Thursday, February 5, 2009

Will the stimulus make life more expensive

In my last post, I commented on the timing of the stimulus. In a letter yesterday to Committee on Budget ranking member, Senator Judd Gregg (R-NH), the CBO applied a bit of basic macro theory to the stimulus package. The letter, which examines the Senate's version of the bill, predicts a stimulus in the short-run but a small decline in long-run GDP due to increased debt.

In the longer run, the legislation would result in a slight decrease in gross domestic product(GDP) compared with CBO’s baseline economic forecast.
More importantly, the CBO underscores that stimulus cannot provide long-run growth if it only increases demand without increasing our productive capacity. According to the letter,

Even if the fiscal stimulus persisted, however, the short-run effects on output that operate by increasing demand for goods and services would eventually fade away. In the long run, the economy produces close to its potential output on average, and that potential level is determined by the stock of productive capital, the supply of labor, and productivity.
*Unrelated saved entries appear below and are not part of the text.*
lemma admissible_shift_sum:
  fixes G :: "int ^ 'n::finite \<Rightarrow> 'k::finite \<Rightarrow> 'n laurent" and u :: "real ^ 'n"
  defines "\<phi> \<equiv> \<lambda>i p. u \<bullet> expvec p + rdeg u (G p i)"
  assumes P: "finite P" "P \<noteq> {}" and G0: "\<forall>p\<in>P. \<forall>i. G p i \<noteq> 0"
    and adm: "\<And>i p. p \<in> maximizers (\<phi> i) P \<Longrightarrow> admissible I J a (G p) u"
  shows "admissible I J a (\<lambda>i. \<Sum>p\<in>P. Poly_Mapping.single p 1 * G p i) u"
proof -
  define f where "f i = (\<Sum>p\<in>P. Poly_Mapping.single p 1 * G p i)" for i
  have f: "initial_pos u (f i) \<and> rdeg u (f i) = Max (\<phi> i ` P)" for i
    unfolding f_def \<phi>_def using P G0 adm[where i = i]
    by (intro shift_sum_initial_pos) (auto simp: admissible_def \<phi>_def)
  have "I \<noteq> {}"
    using maximizers_nonempty[OF P] adm by (fastforce simp: admissible_def maximizers_def)
  then obtain pi where pi: "pi \<in> maximizers (\<lambda>(p, i). \<phi> i p) (P \<times> I)"
    using maximizers_nonempty[of "P \<times> I"] P by fastforce
  obtain p i0 where "pi = (p, i0)" by fastforce
  with pi have p: "p \<in> P" "i0 \<in> I" and top: "\<And>q j. q \<in> P \<Longrightarrow> j \<in> I \<Longrightarrow> \<phi> j q \<le> \<phi> i0 p"
    using P by (auto simp: mem_maximizers_iff)
  then have "admissible I J a (G p) u"
    by (intro adm[where i = i0]) (simp add: P mem_maximizers_iff)
  then obtain i where i: "i \<in> Oset a u \<union> J" "i \<in> maximizers (\<lambda>i. rdeg u (G p i)) I"
    by (auto simp: admissible_def)
  then have "\<phi> i0 p \<le> \<phi> i p" using p by (simp add: mem_maximizers_iff \<phi>_def)
  also have "\<dots> \<le> rdeg u (f i)" using f[of i] P p by simp
  finally have "rdeg u (f j) \<le> rdeg u (f i)" if "j \<in> I" for j
    using f[of j] top[OF _ that] Max_in[of "\<phi> j ` P"] P by fastforce
  with i f show ?thesis
    unfolding f_def[symmetric] by (auto simp: admissible_def mem_maximizers_iff)
qed

section \<open>Lattice points in a thin annulus\<close>

definition lattice_annulus :: "real \<Rightarrow> real \<Rightarrow> (int ^ 'n::finite) set" where
  "lattice_annulus R d = {p. R - d \<le> norm (expvec p) \<and> norm (expvec p) \<le> R + d}"

lemma finite_bounded_intvec: "finite {p :: int ^ 'n::finite. \<forall>i. \<bar>p $ i\<bar> \<le> m}"
proof -
  have "vec_nth ` {p :: int ^ 'n. \<forall>i. \<bar>p $ i\<bar> \<le> m} \<subseteq> PiE UNIV (\<lambda>_. {-m..m})"
    by (auto simp: PiE_def extensional_def abs_le_iff) (metis minus_le_iff)
  then have "finite (vec_nth ` {p :: int ^ 'n. \<forall>i. \<bar>p $ i\<bar> \<le> m})"
    by (rule finite_subset) (intro finite_PiE, auto)
  moreover have "inj (vec_nth :: int ^ 'n \<Rightarrow> _)" by (simp add: inj_def vec_eq_iff)
  ultimately show ?thesis by (meson finite_imageD inj_on_subset subset_UNIV)
qed

lemma finite_lattice_annulus: "finite (lattice_annulus R d)"
proof (rule finite_subset[OF _ finite_bounded_intvec[of "\<lceil>R + d\<rceil>"]], safe)
  fix p :: "int ^ 'a" and i assume "p \<in> lattice_annulus R d"
  then have "\<bar>expvec p $ i\<bar> \<le> R + d"
    using component_le_norm_cart[of "expvec p" i] by (simp add: lattice_annulus_def)
  then have "real_of_int \<bar>p $ i\<bar> \<le> R + d" by (simp add: expvec_def)
  then show "\<bar>p $ i\<bar> \<le> \<lceil>R + d\<rceil>" by (metis ceiling_mono ceiling_of_int)
qed

lemma norm_expvec_round_le:
  fixes x :: "real ^ 'n::finite"
  shows "norm (expvec (\<chi> j. round (x $ j)) - x) \<le> real CARD('n)"
proof -
  have "norm (expvec (\<chi> j. round (x $ j)) - x) \<le> (\<Sum>j\<in>UNIV. \<bar>(expvec (\<chi> j. round (x $ j)) - x) $ j\<bar>)"
    by (rule norm_le_l1_cart)
  also have "\<dots> \<le> (\<Sum>j\<in>(UNIV :: 'n set). 1)"
  proof (intro sum_mono)
    fix j
    show "\<bar>(expvec (\<chi> j. round (x $ j)) - x) $ j\<bar> \<le> 1"
      using of_int_round_abs_le[of "x $ j"] by (simp add: expvec_def)
  qed
  finally show ?thesis by simp
qed

text \<open>Rounding R u/|u| gives a lattice point of the annulus of width CARD('n) far along u.\<close>
lemma lattice_annulus_point_along:
  fixes u :: "real ^ 'n::finite"
  defines "d \<equiv> real CARD('n)"
  assumes "u \<noteq> 0" "0 \<le> R"
  obtains p where "p \<in> lattice_annulus R d" "norm u * (R - d) \<le> u \<bullet> expvec p"
proof
  define x where "x = (R / norm u) *\<^sub>R u"
  define p :: "int ^ 'n" where "p = (\<chi> j. round (x $ j))"
  have err: "norm (expvec p - x) \<le> d" unfolding p_def d_def by (rule norm_expvec_round_le)
  have "\<bar>norm (expvec p) - \<bar>R\<bar>\<bar> \<le> d"
    using norm_triangle_ineq3[of "expvec p" x] err assms by (simp add: x_def)
  then show "p \<in> lattice_annulus R d" using assms(3) by (auto simp: lattice_annulus_def)
  have "\<bar>u \<bullet> (expvec p - x)\<bar> \<le> norm u * d"
    using Cauchy_Schwarz_ineq2[of u "expvec p - x"] err
    by (meson mult_left_mono norm_ge_zero order_trans)
  moreover have "u \<bullet> x = norm u * R"
    using assms by (simp add: x_def power2_norm_eq_inner[symmetric] power2_eq_square)
  ultimately show "norm u * (R - d) \<le> u \<bullet> expvec p"
    by (simp add: inner_diff_right right_diff_distrib abs_le_iff)
qed

lemma inner_le_if_directions_far:
  fixes u w :: "real ^ 'n::finite"
  assumes "u \<noteq> 0" "w \<noteq> 0" "e > 0" "R - d \<le> norm w" "norm w \<le> R + d"
    and far: "e \<le> dist (w /\<^sub>R norm w) (u /\<^sub>R norm u)"
  shows "u \<bullet> w \<le> norm u * (R + d - (R - d) * e\<^sup>2 / 2)"
proof -
  define uh where "uh = u /\<^sub>R norm u"
  define wh where "wh = w /\<^sub>R norm w"
  have "uh \<bullet> uh = 1" "wh \<bullet> wh = 1" using assms(1,2)
    by (simp_all add: uh_def wh_def power2_norm_eq_inner[symmetric] power2_eq_square)
  then have "(dist wh uh)\<^sup>2 = 2 - 2 * (uh \<bullet> wh)"
    by (simp add: dist_norm power2_norm_eq_inner inner_diff_left inner_diff_right inner_commute)
  moreover have "e\<^sup>2 \<le> (dist wh uh)\<^sup>2" using far assms(3) by (simp add: uh_def wh_def power_mono)
  ultimately have cos: "uh \<bullet> wh \<le> 1 - e\<^sup>2 / 2" by simp
  have "u \<bullet> w = norm u * (norm w * (uh \<bullet> wh))" using assms(1,2)
    by (simp add: uh_def wh_def inner_scaleR_left inner_scaleR_right field_simps)
  also have "norm w * (uh \<bullet> wh) \<le> norm w - norm w * e\<^sup>2 / 2"
    using mult_left_mono[OF cos, of "norm w"] by (simp add: algebra_simps)
  also have "\<dots> \<le> R + d - (R - d) * e\<^sup>2 / 2"
    using mult_right_mono[OF assms(4), of "e\<^sup>2"] assms(5) by simp
  finally show ?thesis by (simp add: mult_left_mono)
qed

text \<open>The radius R is chosen so that the linear term u\<bullet>p beats perturbations of size |u|C.\<close>
lemma lattice_annulus_maximizer_direction:
  fixes u :: "real ^ 'n::finite" and \<psi> :: "int ^ 'n \<Rightarrow> real"
  assumes d_def: "d = real CARD('n)" and R_def: "R = d + (4 * d + 4 * C + 1) / e\<^sup>2"
    and "u \<noteq> 0" "e > 0" "C \<ge> 0"
    and bound: "\<And>p. p \<in> lattice_annulus R d \<Longrightarrow> \<bar>\<psi> p\<bar> \<le> norm u * C"
    and max: "p \<in> maximizers (\<lambda>p. u \<bullet> expvec p + \<psi> p) (lattice_annulus R d)"
  shows "dist (expvec p /\<^sub>R norm (expvec p)) (u /\<^sub>R norm u) < e"
proof (rule ccontr)
  assume far: "\<not> ?thesis"
  have "e\<^sup>2 > 0" "d \<ge> 0" using assms(4) by (simp_all add: d_def)
  then have Rd: "(R - d) * e\<^sup>2 = 4 * d + 4 * C + 1" "R - d > 0"
    using assms(5) by (simp_all add: R_def add_pos_nonneg)
  have p: "p \<in> lattice_annulus R d" using max by (simp add: maximizers_def)
  then have p0: "expvec p \<noteq> 0" using Rd(2) by (auto simp: lattice_annulus_def)
  have "0 \<le> R" using Rd(2) \<open>d \<ge> 0\<close> by linarith
  then obtain q where q: "q \<in> lattice_annulus R d" "norm u * (R - d) \<le> u \<bullet> expvec q"
    using lattice_annulus_point_along[OF assms(3)] unfolding d_def by blast
  have "u \<bullet> expvec p \<le> norm u * (R + d - (R - d) * e\<^sup>2 / 2)"
    using p p0 far assms(3,4) by (intro inner_le_if_directions_far) (auto simp: lattice_annulus_def)
  also have "R + d - (R - d) * e\<^sup>2 / 2 = R - d - 2 * C - 1 / 2"
    using Rd(1) by (simp add: field_simps)
  finally have "u \<bullet> expvec p \<le> norm u * (R - d - 2 * C - 1 / 2)" .
  moreover have "norm u * (R - d - 2 * C - 1 / 2) + norm u * C < norm u * (R - d) - norm u * C"
    using assms(3) by (simp add: algebra_simps)
  moreover have "\<psi> p \<le> norm u * C" "- (norm u * C) \<le> \<psi> q"
    using bound[OF p] bound[OF q(1)] by (simp_all add: abs_le_iff)
  moreover have "u \<bullet> expvec q + \<psi> q \<le> u \<bullet> expvec p + \<psi> p"
    using max q(1) by (simp add: mem_maximizers_iff finite_lattice_annulus)
  ultimately show False using q(2) by linarith
qed

section \<open>Gluing\<close>

lemma compact_lebesgue_cover:
  fixes S :: "'a::metric_space set"
  assumes "compact S" "\<forall>x\<in>S. 0 < r x"
  obtains F e where "finite F" "F \<subseteq> S" "0 < e" "\<forall>x\<in>S. \<exists>v\<in>F. ball x e \<subseteq> ball v (r v)"
proof -
  obtain F where F: "F \<subseteq> S" "finite F" "S \<subseteq> (\<Union>v\<in>F. ball v (r v))"
    using compactE_image[OF assms(1), of S "\<lambda>v. ball v (r v)"] assms(2) by force
  obtain e where "0 < e" "\<And>x. x \<in> S \<Longrightarrow> \<exists>B\<in>(\<lambda>v. ball v (r v)) ` F. ball x e \<subseteq> B"
    by (rule Heine_Borel_lemma[OF assms(1) F(3)]) auto
  then have "\<forall>x\<in>S. \<exists>v\<in>F. ball x e \<subseteq> ball v (r v)" by blast
  with F \<open>0 < e\<close> that show ?thesis by blast
qed

lemma admissible_finite_cover:
  fixes fs :: "real ^ 'n::finite \<Rightarrow> 'k::finite \<Rightarrow> 'n laurent"
  assumes local: "\<And>v. v \<noteq> 0 \<Longrightarrow>
    \<exists>\<epsilon>>0. \<forall>y t. dist y v < \<epsilon> \<longrightarrow> 0 < t \<longrightarrow> admissible I J a (fs v) (t *\<^sub>R y)"
  obtains F e where "finite F" "F \<subseteq> sphere 0 1" "0 < e"
    "\<And>x. norm x = 1 \<Longrightarrow>
       \<exists>v\<in>F. \<forall>y t. dist y x < e \<longrightarrow> 0 < t \<longrightarrow> admissible I J a (fs v) (t *\<^sub>R y)"
proof -
  obtain es where es: "\<And>v. v \<noteq> 0 \<Longrightarrow> 0 < es v \<and>
      (\<forall>y t. dist y v < es v \<longrightarrow> 0 < t \<longrightarrow> admissible I J a (fs v) (t *\<^sub>R y))"
    using local by metis
  have "\<forall>x\<in>sphere 0 1. 0 < es x"
  proof
    fix x :: "real ^ 'n" assume "x \<in> sphere 0 1"
    then have "x \<noteq> 0" by auto
    then show "0 < es x" using es by blast
  qed
  then obtain F e where F: "finite F" "F \<subseteq> sphere 0 1" "0 < e"
      and cover: "\<forall>x\<in>sphere 0 1. \<exists>v\<in>F. ball x e \<subseteq> ball v (es v)"
    by (rule compact_lebesgue_cover[OF compact_sphere])
  have "\<exists>v\<in>F. \<forall>y t. dist y x < e \<longrightarrow> 0 < t \<longrightarrow> admissible I J a (fs v) (t *\<^sub>R y)"
    if x: "norm x = 1" for x
  proof -
    have "x \<in> sphere 0 1" using x by simp
    then obtain v where v: "v \<in> F" "ball x e \<subseteq> ball v (es v)" using cover by blast
    then have "dist y v < es v" if "dist y x < e" for y using that by (auto simp: dist_commute)
    moreover have "v \<noteq> 0" using v(1) F(2) by auto
    ultimately show ?thesis using v(1) es by blast
  qed
  with F that show ?thesis by blast
qed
Short-run stimulative policies can affect long-run output by influencing those three factors, although such effects would generally be smaller than the short-run impact of those policies on demand.
This statement provides the integrated short-run (Keynesian), long-run (classical) framework that causes aggregate supply to have very different properties over time. Without increases in agrregate supply, the stimulus could lead to inflation if an increase in demand must adopt to lower long-run supply. It may of course be that we are operating below the long run supply (the exact arguement that stimulus supporters will use high unemployment numbers to make). If so then the timing of the stimulus again becomes important.
Even strong Keynesian's like Steve Fazzari have noted that what we spend our money on matters. Increases in education or training may increase long-run aggregate supply spending on infrastructure may not if we are just using old techniques to repair roads, etc.
It should also be noted that the CBO report provides a wide range of possible impacts from the stimulus. For instance it indicates that the plan could provide anywhere from 1.4 percent over baseline increase in GDP to 4.1 percent in 2009. Sadly, the estimates are non-stochastic (or at least not presented as such) so their likelyhood is more difficult to determine.